The proposed method is evaluated using two main scenarios in creating a training set: 1) apply without augmentation, 2) using various augmentation settings. In our experiments, we use Columbia Dogs Dataset, the images are pre-processed and cropped faces. Therefore, 8111 images are selected and split into training and testing sets. The training set contains 6781 images, and the testing set consists of 10 images per breed at a total of 1330 images. Each setting is evaluated using three pre-trained models from the ImageNet dataset, including MobileNetV2, InceptionV3 and NASNet. We retrain the networks using the Tensorflow library.
Since our training set is small based on the number of classes that we have, we augment the training set to increase the number of images and to improve the performance. We apply data wrapping augmentation to the training set and compare performance between several settings, including rotation, translation, and adding noise. However, the number of degrees for transformation is decided based on the possible transformations that would occur in the real images. For example, the degree of rotation would not exceed 45 degrees, and the translation would not need to exceed half of the image, as shown in Fig. 5. Then we randomly select 200 images per breed as our training set.
As shown in Table 1, training sets containing rotation and translation achieve higher performance for dog breed classification than the baseline without augmentation. The reported results show that NASNet model achieves overall highest performances regardless of the training set used. We achieve an accuracy of 89.92 % using the training set containing rotation images. Fig. 7 shows the confusion matrix of the model.

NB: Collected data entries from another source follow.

lemma Ltil_sq_norms:
  fixes x :: pt and lam :: "nat \<Rightarrow> real"
  assumes F: "has_gradient F Fu Fv" and Fu: "has_gradient Fu Fuu Fuv" and Fv: "has_gradient Fv Fuv Fvv"
    and lam_nz: "\<forall>l\<in>{1..N}. lam l \<noteq> 0"
  defines "P \<equiv> (sqn N x, sqnm1 N lam x)"
  shows "Ltil N lam a delta (\<lambda>y. F (sqn N y, sqnm1 N lam y)) x =
           2 * a * ((\<Sum>l\<in>{1..N}. lam l * (1 + delta l) * (x l)\<^sup>2) * Fuu P
                   + 2 * (\<Sum>l\<in>{1..N}. (1 + delta l) * (x l)\<^sup>2) * Fuv P
                   + (\<Sum>l\<in>{1..N}. 1 / lam l * (1 + delta l) * (x l)\<^sup>2) * Fvv P)
         + (a * (\<Sum>l\<in>{1..N}. lam l * (1 + delta l)) - 2 * (\<Sum>l\<in>{1..N}. lam l * (x l)\<^sup>2)) * Fu P
         + (a * (\<Sum>l\<in>{1..N}. 1 + delta l) - 2 * (\<Sum>l\<in>{1..N}. (x l)\<^sup>2)) * Fv P"
proof -
  have "Ltil N lam a delta (\<lambda>y. F (sqn N y, sqnm1 N lam y)) x =
        (\<Sum>l\<in>{1..N}. 2 * a * (lam l * (1 + delta l) * (x l)\<^sup>2 * Fuu P
                                + 2 * ((1 + delta l) * (x l)\<^sup>2) * Fuv P
                                + 1 / lam l * (1 + delta l) * (x l)\<^sup>2 * Fvv P)
                    + (a * (lam l * (1 + delta l)) - 2 * (lam l * (x l)\<^sup>2)) * Fu P
                    + (a * (1 + delta l) - 2 * (x l)\<^sup>2) * Fv P)"
    unfolding Ltil_def using lam_nz
    by (intro sum.cong refl)
       (simp add: pd_pd_sq_norms[OF F Fu Fv] pd_sq_norms[OF F] P_def field_simps power2_eq_square)
  also have "\<dots> = 2 * a * ((\<Sum>l\<in>{1..N}. lam l * (1 + delta l) * (x l)\<^sup>2) * Fuu P
                   + 2 * (\<Sum>l\<in>{1..N}. (1 + delta l) * (x l)\<^sup>2) * Fuv P
                   + (\<Sum>l\<in>{1..N}. 1 / lam l * (1 + delta l) * (x l)\<^sup>2) * Fvv P)
         + (a * (\<Sum>l\<in>{1..N}. lam l * (1 + delta l)) - 2 * (\<Sum>l\<in>{1..N}. lam l * (x l)\<^sup>2)) * Fu P
         + (a * (\<Sum>l\<in>{1..N}. 1 + delta l) - 2 * (\<Sum>l\<in>{1..N}. (x l)\<^sup>2)) * Fv P"
    by (simp add: sum.distrib sum_subtractf sum_distrib_left sum_distrib_right algebra_simps)
  finally show ?thesis .
qed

Augmentation techniques Accuracy(%) MobileNetV2 InceptionV3 NASNet Without 80.82 87.50 89.10 Rotation 81.65 88.42 89.92 Translate 81.65 89.02 88.87 Noise 80.30 85.94 88.80
Table 1. Accuracy of dog breed classification from different CNN models
Figure 7. Confusion matrix from the highest accuracy (89.92%) using NASNet models and training set containing some rotation images. The breed names listed from bottom to top in the y-axis and from left to right in the x-axis are ordered in the alphabet-ordering of breeds′ names in the Columbia Dogs Dataset.
In addition, we evaluate our best setting using the 10-fold cross-validation, as reported in Table 2. We achieve an average classification rate of 89.74% with 1.07 standard deviations. Fig. 8 and 9 show the average classification accuracy and standard deviation for each breed. Our results show that the models can recognize most breeds with overall accuracy above 80%.
K fold Accuracy (%) SD 1 90.52 18.68 2 88.66 21.85 3 91.25 17.93 4 87.67 20.57 5 90.01 14.46 6 88.90 18.35 7 90.14 18.66 8 89.52 17.94 9 90.63 19.51 10 90.14 17.05 Avg±SD 89.74±1.07
Table 2. Accuracy of 10-fold cross-validation using the NASNet model on the training set with rotation images
Figure 8. Average accuracy of 10-fold cross-validation. The breed names listed from bottom to top in the y-axis and from left to right in the x-axis are ordered in the alphabet-ordering of breeds′ names in the Columbia Dogs Dataset.
In the previous study on image classification, NASNet achieved the highest accuracy on image classification using the ImageNet dataset. Following our results in Table 1, we found that the results are in a similar orders, NASNet, InceptionV3, and MobileNetV2 regardless of training data. It confirms that the architecture of NASNet is current fit for our task. Although there are some improvements using augmentation techniques, we observe that adding noise reduces the performance. Noise can decrease the quality of images and could lead to model confusion. On the other hand, we found the rotating images can improve classification performance because testing images could be from various angles.
As shown in Table 3, we compare our proposed method and previous studies using the same dataset. Our result achieves the highest accuracy using NASNet with the augmentation training set, while previous methods used traditional feature selection techniques that would find it difficult to discriminate between a large number of breeds.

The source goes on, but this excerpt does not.